Poszłam prosto, mieszając obie konwencje – co można zauważyć
patrząc na sandałki, których do pracy nie powinnam zakładać – gdyż mają odkryte
palce, bo pamiętamy że do pracy nie zakładamy obuwia z odkrytymi palcami a
nawet w najcieplejsze dni koniecznie zakładamy rajstopy.

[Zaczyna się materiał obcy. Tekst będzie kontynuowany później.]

(* A hop moves a free letter j across a block of letters that are all smaller
   than j, and the letters bordering the moved j before and after the hop (if any) are
   larger than j.  Such a "slide" neither creates nor destroys a 231 pattern: the only
   patterns whose relative order changes are those using j as the "3" together with a
   letter of the block as the "2" (resp. the "1"), and these can be rerouted through the
   large neighbour of j.  Hence every hop step, in either direction, maps 231-avoiding
   permutations to 231-avoiding permutations, and the theorem follows by induction along
   the reflexive transitive closure defining hop-equivalence. *)

subsection \<open>Patterns described by letters\<close>

fun index_of :: "'a list \<Rightarrow> 'a \<Rightarrow> nat" where
  "index_of [] x = 0"
| "index_of (y # ys) x = (if x = y then 0 else Suc (index_of ys x))"

lemma index_of_append:
  "index_of (xs @ ys) x = (if x \<in> set xs then index_of xs x else length xs + index_of ys x)"
  by (induction xs) auto

lemma index_of_less: "x \<in> set xs \<Longrightarrow> index_of xs x < length xs"
  by (induction xs) auto

lemma nth_index_of: "x \<in> set xs \<Longrightarrow> xs ! index_of xs x = x"
  by (induction xs) auto

lemma index_of_nth: "distinct xs \<Longrightarrow> i < length xs \<Longrightarrow> index_of xs (xs ! i) = i"
proof (induction xs arbitrary: i)
  case (Cons a xs)
  then show ?case by (cases i) (auto simp: nth_mem)
qed simp

lemma index_of_hd: "x \<in> set R \<Longrightarrow> x \<noteq> hd R \<Longrightarrow> 0 < index_of R x"
  by (cases R) auto

lemma index_of_hd_eq: "R \<noteq> [] \<Longrightarrow> index_of R (hd R) = 0"
  by (cases R) auto

lemma index_of_last:
  assumes "distinct L" "x \<in> set L" "x \<noteq> last L"
  shows "index_of L x < index_of L (last L)"
proof -
  have ne: "L \<noteq> []" using assms by auto
  have "index_of L (last L) = length L - 1"
    using index_of_nth[OF assms(1), of "length L - 1"] ne by (simp add: last_conv_nth)
  moreover have "index_of L x < length L" using index_of_less[OF assms(2)] .
  moreover have "index_of L x \<noteq> length L - 1"
    using nth_index_of[OF assms(2)] assms(3) ne by (metis last_conv_nth)
  ultimately show ?thesis by linarith
qed

definition pattern231 :: "nat list \<Rightarrow> nat \<Rightarrow> nat \<Rightarrow> nat \<Rightarrow> bool" where
  "pattern231 w x y z \<longleftrightarrow> x \<in> set w \<and> y \<in> set w \<and> z \<in> set w \<and> z < x \<and> x < y \<and>
     index_of w x < index_of w y \<and> index_of w y < index_of w z"

text \<open>For lists without repetitions, containing 231 means having a 231 pattern of letters;
  this lets us argue about letters, which a slide leaves unchanged, instead of positions.\<close>
lemma contains231_iff_pattern:
  assumes "distinct w"
  shows "contains231 w \<longleftrightarrow> (\<exists>x y z. pattern231 w x y z)"
proof
  assume "contains231 w"
  then obtain i j k where h: "i < j" "j < k" "k < length w" "w ! k < w ! i" "w ! i < w ! j"
    unfolding contains231_def by blast
  then have "pattern231 w (w ! i) (w ! j) (w ! k)"
    using assms by (simp add: pattern231_def index_of_nth nth_mem)
  then show "\<exists>x y z. pattern231 w x y z" by blast
next
  assume "\<exists>x y z. pattern231 w x y z"
  then obtain x y z where "pattern231 w x y z" by blast
  then show "contains231 w" unfolding contains231_def pattern231_def
    by (intro exI[of _ "index_of w x"] exI[of _ "index_of w y"] exI[of _ "index_of w z"])
       (simp add: index_of_less nth_index_of)
qed

subsection \<open>Sliding a letter past smaller letters\<close>

definition slide :: "nat \<Rightarrow> nat list \<Rightarrow> nat list \<Rightarrow> bool" where
  "slide j u v \<longleftrightarrow> (\<exists>L B R. u = L @ [j] @ B @ R \<and> v = L @ B @ [j] @ R \<and>
     (\<forall>b \<in> set B. b < j) \<and> (L \<noteq> [] \<longrightarrow> j < last L) \<and> (R \<noteq> [] \<longrightarrow> j < hd R))"

text \<open>Moving j to the right can only destroy patterns x j z with z in B; then
  x, last L, z is still a pattern, as x < j < last L.\<close>
lemma slide_right_keeps_pattern:
  assumes d: "distinct (L @ [j] @ B @ R)" and B: "\<forall>b \<in> set B. b < j"
    and L: "L \<noteq> [] \<longrightarrow> j < last L" and p: "pattern231 (L @ [j] @ B @ R) x y z"
  shows "\<exists>x y z. pattern231 (L @ B @ [j] @ R) x y z"
proof (cases "y = j \<and> z \<in> set B")
  case True
  have jLB: "j \<notin> set L" "j \<notin> set B" using d by auto
  have xL: "x \<in> set L" using p True jLB index_of_less[of x L]
    by (auto simp: pattern231_def index_of_append split: if_splits)
  then have ne: "L \<noteq> []" by auto
  have xlast: "x \<noteq> last L" using True p L ne by (auto simp: pattern231_def)
  have "z \<notin> set L" using d True by auto
  then have "pattern231 (L @ B @ [j] @ R) x (last L) z"
    using True p L ne xL xlast index_of_last[of L x] d index_of_less[of "last L" L]
    by (auto simp: pattern231_def index_of_append)
  then show ?thesis by blast
next
  case False
  then have "pattern231 (L @ B @ [j] @ R) x y z"
    using p d B index_of_less[of x L] index_of_less[of y L] index_of_less[of z L]
      index_of_less[of x B] index_of_less[of y B] index_of_less[of z B]
    by (auto simp: pattern231_def index_of_append split: if_splits)
  then show ?thesis by blast
qed

text \<open>Symmetrically, moving j back to the left can only destroy patterns x j z with x in B;
  then x, hd R, z is still a pattern, as x < j < hd R.\<close>
lemma slide_left_keeps_pattern:
  assumes d: "distinct (L @ [j] @ B @ R)" and B: "\<forall>b \<in> set B. b < j"
    and R: "R \<noteq> [] \<longrightarrow> j < hd R" and p: "pattern231 (L @ B @ [j] @ R) x y z"
  shows "\<exists>x y z. pattern231 (L @ [j] @ B @ R) x y z"
proof (cases "y = j \<and> x \<in> set B")
  case True
  have jLBR: "j \<notin> set L" "j \<notin> set B" "j \<notin> set R" using d by auto
  have zR: "z \<in> set R" using p True jLBR d index_of_less[of z L] index_of_less[of z B]
    by (auto simp: pattern231_def index_of_append split: if_splits)
  then have ne: "R \<noteq> []" by auto
  have zhd: "z \<noteq> hd R" using True p R ne B by (auto simp: pattern231_def)
  have "hd R \<in> set R" using ne by simp
  then have "hd R \<notin> set L" "hd R \<notin> set B" "hd R \<noteq> j" "x \<notin> set L" "x \<notin> set R"
    using d True by auto
  then have "pattern231 (L @ [j] @ B @ R) x (hd R) z"
    using True p R ne zR jLBR d index_of_hd[OF zR zhd] index_of_hd_eq[OF ne] index_of_less[of x B]
    by (auto simp: pattern231_def index_of_append)
  then show ?thesis by blast
next
  case False
  then have "pattern231 (L @ [j] @ B @ R) x y z"
    using p d B index_of_less[of x L] index_of_less[of y L] index_of_less[of z L]
      index_of_less[of x B] index_of_less[of y B] index_of_less[of z B]
    by (auto simp: pattern231_def index_of_append split: if_splits)
  then show ?thesis by blast
qed

lemma slide_mset: "slide j u v \<Longrightarrow> mset v = mset u"
  unfolding slide_def by auto

lemma slide_preserves_231:
  assumes "slide j u v" "distinct u"
  shows "contains231 v \<longleftrightarrow> contains231 u"
proof -
  obtain L B R where u: "u = L @ [j] @ B @ R" and v: "v = L @ B @ [j] @ R"
    and B: "\<forall>b \<in> set B. b < j" and L: "L \<noteq> [] \<longrightarrow> j < last L" and R: "R \<noteq> [] \<longrightarrow> j < hd R"
    using assms(1) unfolding slide_def by blast
  have du: "distinct (L @ [j] @ B @ R)" and dv: "distinct (L @ B @ [j] @ R)"
    using assms(2) u by auto
  show ?thesis
    unfolding u v contains231_iff_pattern[OF du] contains231_iff_pattern[OF dv]
    using slide_right_keeps_pattern[OF du B L] slide_left_keeps_pattern[OF du B R] by blast
qed

subsection \<open>Crossing a level\<close>

text \<open>The target of a downslope hop is the first place after position i where the sequence
  of letters crosses the level c upwards.\<close>
lemma first_up_crossing:
  fixes f :: "nat \<Rightarrow> 'a::linorder"
  assumes start: "f (Suc i) < c" and above: "i < N" "c < f N" and avoid: "\<forall>m>i. f m \<noteq> c"
  defines "k \<equiv> LEAST k. i < k \<and> f k < c \<and> c < f (k + 1)"
  shows "i < k \<and> f k < c \<and> c < f (k + 1) \<and> (\<forall>m. i < m \<longrightarrow> m \<le> k \<longrightarrow> f m < c)"
proof -
  define m1 where "m1 = (LEAST m. i < m \<and> c < f m)"
  have m1: "i < m1" "c < f m1" using LeastI[of "\<lambda>m. i < m \<and> c < f m" N] above
    unfolding m1_def by auto
  have below: "f m < c" if "i < m" "m < m1" for m
    using not_less_Least[of m "\<lambda>m. i < m \<and> c < f m"] that avoid
    unfolding m1_def by (metis not_less_iff_gr_or_eq)
  have "m1 \<noteq> Suc i" using m1 start by auto
  then have Si: "Suc i < m1" using m1 by simp
  have "k = m1 - 1" unfolding k_def
  proof (rule Least_equality)
    show "i < m1 - 1 \<and> f (m1 - 1) < c \<and> c < f (m1 - 1 + 1)" using Si m1 below by simp
    show "m1 - 1 \<le> y" if y: "i < y \<and> f y < c \<and> c < f (y + 1)" for y
    proof (rule ccontr)
      assume "\<not> m1 - 1 \<le> y"
      then have "f (y + 1) < c" using y by (intro below) auto
      then show False using y by auto
    qed
  qed
  then show ?thesis using Si m1 below by auto
qed

text \<open>Dually, the target of an upslope hop is the last place before position i where the
  sequence crosses the level c downwards, and the sequence stays below c from there to i-1.\<close>
lemma last_down_crossing:
  fixes f :: "nat \<Rightarrow> 'a::linorder"
  assumes start: "f (i - 1) < c" and i: "1 \<le> i" and above: "c < f 0" and avoid: "\<forall>m<i. f m \<noteq> c"
  defines "k \<equiv> GREATEST k. k < i \<and> c < f (k - 1) \<and> f k < c"
  shows "1 \<le> k \<and> k < i \<and> c < f (k - 1) \<and> f k < c \<and> (\<forall>m. k \<le> m \<longrightarrow> m < i \<longrightarrow> f m < c)"
proof -
  define m0 where "m0 = (GREATEST m. m < i \<and> c < f m)"
  have m0: "m0 < i" "c < f m0"
  proof -
    have "\<exists>m. m < i \<and> c < f m" using above i by (intro exI[of _ 0]) auto
    then show "m0 < i" "c < f m0"
      using GreatestI_ex_nat[of "\<lambda>m. m < i \<and> c < f m" i] unfolding m0_def by auto
  qed
  have below: "f m < c" if "m0 < m" "m < i" for m
    using Greatest_le_nat[of "\<lambda>m. m < i \<and> c < f m" m i] that avoid
    unfolding m0_def by (metis not_less not_less_iff_gr_or_eq)
  have "m0 \<noteq> i - 1" using m0 start by auto
  then have Si: "m0 + 1 < i" using m0 by simp
  have "k = m0 + 1" unfolding k_def
  proof (rule Greatest_equality)
    show "m0 + 1 < i \<and> c < f (m0 + 1 - 1) \<and> f (m0 + 1) < c" using Si m0 below by simp
    show "y \<le> m0 + 1" if "y < i \<and> c < f (y - 1) \<and> f y < c" for y
    proof (cases y)
      case 0
      then show ?thesis using that above by auto
    next
      case (Suc y')
      then show ?thesis using that below[of y'] not_less_iff_gr_or_eq by fastforce
    qed
  qed
  then show ?thesis using Si m0 below by auto
qed
(* Let $\mathcal{B}$ be the Borel $\sigma$-algebra of $[0,1]$ and let $\mathcal{D}=\{f^{-1}(B):B\in\mathcal{B}\}$, where $f\colon[0,1]\to[0,1]$ is constructed as described in the context. Then the $\sigma$-algebra $$\big((\mathcal{D}\vee\mathcal{B})\otimes\mathcal{B}\big)\cap\big((\mathcal{D}\vee\mathcal{B})\otimes\mathcal{D}\big)$$ on $[0,1]^2$ is not of the form $\mathcal{A}_0\otimes\mathcal{E}$ for any $\sigma$-algebras $\mathcal{A}_0,\mathcal{E}$ on $[0,1]$.
   Context: Construction of $f$: let $\omega_{\mathfrak{c}}$ be the first ordinal of cardinality $\mathfrak{c}$ (the continuum), and let $(M_\alpha)_{1\le\alpha<\omega_{\mathfrak{c}}}$ be an enumeration of all uncountable Borel subsets of $[0,1]$ with uncountable complement. By transfinite recursion choose for each $\alpha<\omega_{\mathfrak{c}}$ three distinct points $x_\alpha,y_\alpha\in M_\alpha$, $z_\alpha\in[0,1]\setminus M_\alpha$ with $\{x_\alpha,y_\alpha,z_\alpha\}\cap\bigcup_{\beta<\alpha}\{x_\beta,y_\beta,z_\beta\}=\emptyset$. Define $f$ by $f(x_\alpha)=z_\alpha$, $f(z_\alpha)=x_\alpha$ for every $\alpha$, and $f(t)=t$ for all other $t$ (in particular $f(y_\alpha)=y_\alpha$). For $\sigma$-algebras $\mathcal{F},\mathcal{G}$ on a set, $\mathcal{F}\vee\mathcal{G}$ is the smallest $\sigma$-algebra containing $\mathcal{F}\cup\mathcal{G}$; $\otimes$ denotes the product $\sigma$-algebra (generated by measurable rectangles). *)

theory Defs
  imports "HOL-Analysis.Analysis"
begin

definition unit_borel :: "real measure" where
  "unit_borel = restrict_space borel {0..1}"

definition join_unit :: "real measure \<Rightarrow> real measure \<Rightarrow> real measure" where
  "join_unit F G = sigma {0..1} (sets F \<union> sets G)"

definition big_borel_sets :: "real set set" where
  "big_borel_sets = {M. M \<in> sets borel \<and> M \<subseteq> {0..1} \<and> uncountable M \<and> uncountable ({0..1} - M)}"

text \<open>f arises from the construction of the paper: an enumeration M (indexed by I) of
  big_borel_sets and pairwise disjoint triples of distinct points x i, y i in M i,
  z i in [0,1] - M i; f swaps x i and z i and fixes everything else.\<close>
definition constructed_f :: "'i set \<Rightarrow> ('i \<Rightarrow> real set) \<Rightarrow> ('i \<Rightarrow> real) \<Rightarrow> ('i \<Rightarrow> real)
    \<Rightarrow> ('i \<Rightarrow> real) \<Rightarrow> (real \<Rightarrow> real) \<Rightarrow> bool" where
  "constructed_f I M x y z f \<longleftrightarrow>
     bij_betw M I big_borel_sets \<and>
     (\<forall>i\<in>I. x i \<in> M i \<and> y i \<in> M i \<and> z i \<in> {0..1} - M i \<and>
             x i \<noteq> y i \<and> x i \<noteq> z i \<and> y i \<noteq> z i) \<and>
     (\<forall>i\<in>I. \<forall>j\<in>I. i \<noteq> j \<longrightarrow> {x i, y i, z i} \<inter> {x j, y j, z j} = {}) \<and>
     (\<forall>i\<in>I. f (x i) = z i \<and> f (z i) = x i) \<and>
     (\<forall>t. t \<notin> x ` I \<union> z ` I \<longrightarrow> f t = t)"

end

theory Submission
  imports Defs
begin

(* Let A = D \/ B. Since f is an involution, the diagonal of [0,1]^2 is both {s = t} and
   {f s = f t}, so it lies in A (x) B and in A (x) D. If the intersection were A0 (x) E, then
   taking sections every set e of E would be both Borel and in D, so f(e) = f^-1(e) is Borel as
   well; e \/ f(e) and e /\ f(e) are then f-invariant Borel sets, which the construction forces
   to be countable or co-countable, and since each of the uncountably many fixed points y_alpha
   lies in both of e, f(e) or in neither, e itself is countable or co-countable. But a set of
   A0 (x) E is determined in its second coordinate by countably many sets of E, and countably many
   countable or co-countable sets cannot separate all points of [0,1], so the diagonal is not in
   A0 (x) E. *)

lemma sets_pair_measure_countably_determined_snd:
  assumes "S \<in> sets (P \<Otimes>\<^sub>M E)"
  obtains K where "countable K" "K \<subseteq> sets E"
    "\<forall>t t'. (\<forall>k\<in>K. t \<in> k \<longleftrightarrow> t' \<in> k) \<longrightarrow> (\<forall>s. (s, t) \<in> S \<longleftrightarrow> (s, t') \<in> S)"
proof -
  have "\<exists>K. countable K \<and> K \<subseteq> sets E \<and>
    (\<forall>t t'. (\<forall>k\<in>K. t \<in> k \<longleftrightarrow> t' \<in> k) \<longrightarrow> (\<forall>s. (s, t) \<in> S \<longleftrightarrow> (s, t') \<in> S))"
    using assms unfolding sets_pair_measure
  proof (induction rule: sigma_sets.induct)
    case (Basic a)
    then obtain a1 b1 where "a = a1 \<times> b1" "b1 \<in> sets E" by auto
    then show ?case by (intro exI[of _ "{b1}"]) auto
  next
    case Empty
    then show ?case by (intro exI[of _ "{}"]) auto
  next
    case (Compl a)
    then obtain K where K: "countable K" "K \<subseteq> sets E"
      "\<forall>t t'. (\<forall>k\<in>K. t \<in> k \<longleftrightarrow> t' \<in> k) \<longrightarrow> (\<forall>s. (s, t) \<in> a \<longleftrightarrow> (s, t') \<in> a)"
      by blast
    show ?case
    proof (intro exI conjI allI impI)
      show "countable (insert (space E) K)" "insert (space E) K \<subseteq> sets E"
        using K by auto
      fix t t' s assume "\<forall>k\<in>insert (space E) K. t \<in> k \<longleftrightarrow> t' \<in> k"
      then have "t \<in> space E \<longleftrightarrow> t' \<in> space E" "(s, t) \<in> a \<longleftrightarrow> (s, t') \<in> a"
        using K(3) by blast+
      then show "(s, t) \<in> space P \<times> space E - a \<longleftrightarrow> (s, t') \<in> space P \<times> space E - a"
        by simp
    qed
  next
    case (Union a)
    then have "\<forall>i. \<exists>K. countable K \<and> K \<subseteq> sets E \<and>
      (\<forall>t t'. (\<forall>k\<in>K. t \<in> k \<longleftrightarrow> t' \<in> k) \<longrightarrow> (\<forall>s. (s, t) \<in> a i \<longleftrightarrow> (s, t') \<in> a i))"
      by blast
    then obtain K where K: "\<And>i. countable (K i) \<and> K i \<subseteq> sets E \<and>
      (\<forall>t t'. (\<forall>k\<in>K i. t \<in> k \<longleftrightarrow> t' \<in> k) \<longrightarrow> (\<forall>s. (s, t) \<in> a i \<longleftrightarrow> (s, t') \<in> a i))"
      by metis
    show ?case
    proof (intro exI conjI allI impI)
      show "countable (\<Union>i. K i)" "(\<Union>i. K i) \<subseteq> sets E"
        using K by auto
    next
      fix t t' s assume "\<forall>k\<in>\<Union>i. K i. t \<in> k \<longleftrightarrow> t' \<in> k"
      then have "(s, t) \<in> a i \<longleftrightarrow> (s, t') \<in> a i" for i
        using K[of i] by blast
      then show "(s, t) \<in> (\<Union>i. a i) \<longleftrightarrow> (s, t') \<in> (\<Union>i. a i)"
        by blast
    qed
  qed
  then show thesis using that by blast
qed

lemma countable_cocountable_sets_not_separating:
  assumes "uncountable U" "countable K"
    and "\<And>k. k \<in> K \<Longrightarrow> countable k \<or> countable (U - k)"
  obtains t t' where "t \<in> U" "t' \<in> U" "t \<noteq> t'" "\<forall>k\<in>K. t \<in> k \<longleftrightarrow> t' \<in> k"
proof -
  define N where "N = (\<Union>k\<in>K. if countable k then k else U - k)"
  have "countable N"
    unfolding N_def using assms(2,3) by (intro countable_UN) auto
  then have "uncountable (U - N - {t})" for t
    using \<open>uncountable U\<close> by (simp add: uncountable_minus_countable)
  then obtain t t' where "t \<in> U - N" "t' \<in> U - N - {t}"
    by (metis Diff_iff countable_empty empty_iff ex_in_conv)
  moreover have "t \<in> k \<longleftrightarrow> t' \<in> k" if "k \<in> K" for k
    using calculation that unfolding N_def by (cases "countable k") auto
  ultimately show thesis using that by blast
qed

lemma diagonal_notin_pair_measure_countable_cocountable:
  assumes "uncountable U" "\<And>e. e \<in> sets E \<Longrightarrow> countable e \<or> countable (U - e)"
  shows "{(s, t) \<in> U \<times> U. s = t} \<notin> sets (A \<Otimes>\<^sub>M E)"
proof
  define Diag where "Diag = {(s, t) \<in> U \<times> U. s = t}"
  assume "{(s, t) \<in> U \<times> U. s = t} \<in> sets (A \<Otimes>\<^sub>M E)"
  then obtain K where "countable K" "K \<subseteq> sets E" and K_determines:
    "\<forall>t t'. (\<forall>k\<in>K. t \<in> k \<longleftrightarrow> t' \<in> k) \<longrightarrow> (\<forall>s. (s, t) \<in> Diag \<longleftrightarrow> (s, t') \<in> Diag)"
    unfolding Diag_def by (rule sets_pair_measure_countably_determined_snd)
  have "\<And>k. k \<in> K \<Longrightarrow> countable k \<or> countable (U - k)"
    using \<open>K \<subseteq> sets E\<close> assms(2) by blast
  then obtain t t' where "t \<in> U" "t' \<in> U" "t \<noteq> t'" "\<forall>k\<in>K. t \<in> k \<longleftrightarrow> t' \<in> k"
    using countable_cocountable_sets_not_separating[OF \<open>uncountable U\<close> \<open>countable K\<close>] by blast
  then have "(t, t) \<in> Diag \<longleftrightarrow> (t, t') \<in> Diag"
    using K_determines by blast
  then show False
    using \<open>t \<in> U\<close> \<open>t \<noteq> t'\<close> unfolding Diag_def by simp
qed

lemma diagonal_in_pair_measure:
  fixes g :: "'a \<Rightarrow> 'b::{second_countable_topology, linorder_topology}"
  assumes [measurable]: "g \<in> borel_measurable A" "g \<in> borel_measurable B"
    and "inj g"
  shows "{(s, t) \<in> space A \<times> space B. s = t} \<in> sets (A \<Otimes>\<^sub>M B)"
proof -
  have "{w \<in> space (A \<Otimes>\<^sub>M B). g (fst w) = g (snd w)} \<in> sets (A \<Otimes>\<^sub>M B)"
    by measurable
  also have "{w \<in> space (A \<Otimes>\<^sub>M B). g (fst w) = g (snd w)} = {(s, t) \<in> space A \<times> space B. s = t}"
    using \<open>inj g\<close> by (auto simp: space_pair_measure inj_eq)
  finally show ?thesis .
qed

lemma sets_snd_subset_if_pair_measure_subset:
  assumes "sets (A \<Otimes>\<^sub>M E) \<subseteq> sets (P \<Otimes>\<^sub>M Q)" "space A \<noteq> {}"
  shows "sets E \<subseteq> sets Q"
proof
  fix e assume "e \<in> sets E"
  obtain a where "a \<in> space A" using \<open>space A \<noteq> {}\<close> by blast
  have "space A \<times> e \<in> sets (P \<Otimes>\<^sub>M Q)"
    using assms(1) pair_measureI[OF sets.top \<open>e \<in> sets E\<close>] by blast
  moreover have "Pair a -` (space A \<times> e) = e" using \<open>a \<in> space A\<close> by auto
  ultimately show "e \<in> sets Q" using sets_Pair1 by metis
qed

lemma involution_sets_countable_or_cocountable:
  assumes involution: "\<And>t. g (g t) = t"
    and invariant: "\<And>V. V \<in> sets N \<Longrightarrow> V \<subseteq> U \<Longrightarrow> g -` V = V \<Longrightarrow> countable V \<or> countable (U - V)"
    and fixed_points: "uncountable {t \<in> U. g t = t}"
    and "e \<in> sets N" "g -` e \<in> sets N" "e \<subseteq> U" "g -` e \<subseteq> U"
  shows "countable e \<or> countable (U - e)"
proof -
  have "g -` g -` e = e" using involution by auto
  then have "g -` (e \<union> g -` e) = e \<union> g -` e" "g -` (e \<inter> g -` e) = e \<inter> g -` e"
    by auto
  then have union: "countable (e \<union> g -` e) \<or> countable (U - (e \<union> g -` e))"
    and inter: "countable (e \<inter> g -` e) \<or> countable (U - (e \<inter> g -` e))"
    using assms(4-7) by (intro invariant; auto)+
  have "{t \<in> U. g t = t} \<subseteq> (U - (e \<union> g -` e)) \<union> (e \<inter> g -` e)"
    by auto
  then have "\<not> (countable (U - (e \<union> g -` e)) \<and> countable (e \<inter> g -` e))"
    using fixed_points by (meson countable_Un countable_subset)
  then have "countable (e \<union> g -` e) \<or> countable (U - (e \<inter> g -` e))"
    using union inter by blast
  moreover have "e \<subseteq> e \<union> g -` e" "U - e \<subseteq> U - (e \<inter> g -` e)"
    by auto
  ultimately show ?thesis
    by (meson countable_subset)
qed

lemma sets_unit_borel: "e \<in> sets unit_borel \<longleftrightarrow> e \<subseteq> {0..1} \<and> e \<in> sets borel"
  unfolding unit_borel_def by (subst sets_restrict_space_iff) auto

lemma space_unit_borel [simp]: "space unit_borel = {0..1}"
  by (simp add: unit_borel_def)

lemma space_join_unit [simp]: "space (join_unit F G) = {0..1}"
  by (simp add: join_unit_def space_measure_of_conv)

lemma sets_join_unit_upper:
  assumes "space F = {0..1}" "space G = {0..1}"
  shows "sets F \<subseteq> sets (join_unit F G)" "sets G \<subseteq> sets (join_unit F G)"
proof -
  have "sets F \<union> sets G \<subseteq> Pow {0..1}"
    using sets.space_closed[of F] sets.space_closed[of G] assms by auto
  then have "sets (join_unit F G) = sigma_sets {0..1} (sets F \<union> sets G)"
    by (simp add: join_unit_def sets_measure_of)
  then show "sets F \<subseteq> sets (join_unit F G)" "sets G \<subseteq> sets (join_unit F G)"
    by auto
qed

lemma measurable_join_unit1:
  assumes "g \<in> F \<rightarrow>\<^sub>M N" "space F = {0..1}" "space G = {0..1}"
  shows "g \<in> join_unit F G \<rightarrow>\<^sub>M N"
  using assms measurable_mono[of N N F "join_unit F G"] sets_join_unit_upper by auto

Beżowo-różowe sandałki dobrałam do eleganckich melanżowych spodni
w lekką kantkę i zaszewkami przy pasie. Zwiewna kremowa komponuje się z butami
i dodaje lekkości całej stylizacji, którą przytłaczać mogą spodnie. Męski krój
spodni jest łagodzony nie tylko właśnie przez bardzo dziewczęcy fason tuniki
ale również przez perełki i zaplecione włosy upięte spinką- kokardką którą zrobiłam
sama. Cała stylizacja utrzymana w stonowanych kolorach – beże, szarości, pudry
i burgund ładnie się łączą i przypominają mi lody waniliowe z polewą wiśniową.
idealnie
OdpowiedzUsuńuwielbiam spodnie o tym kroju!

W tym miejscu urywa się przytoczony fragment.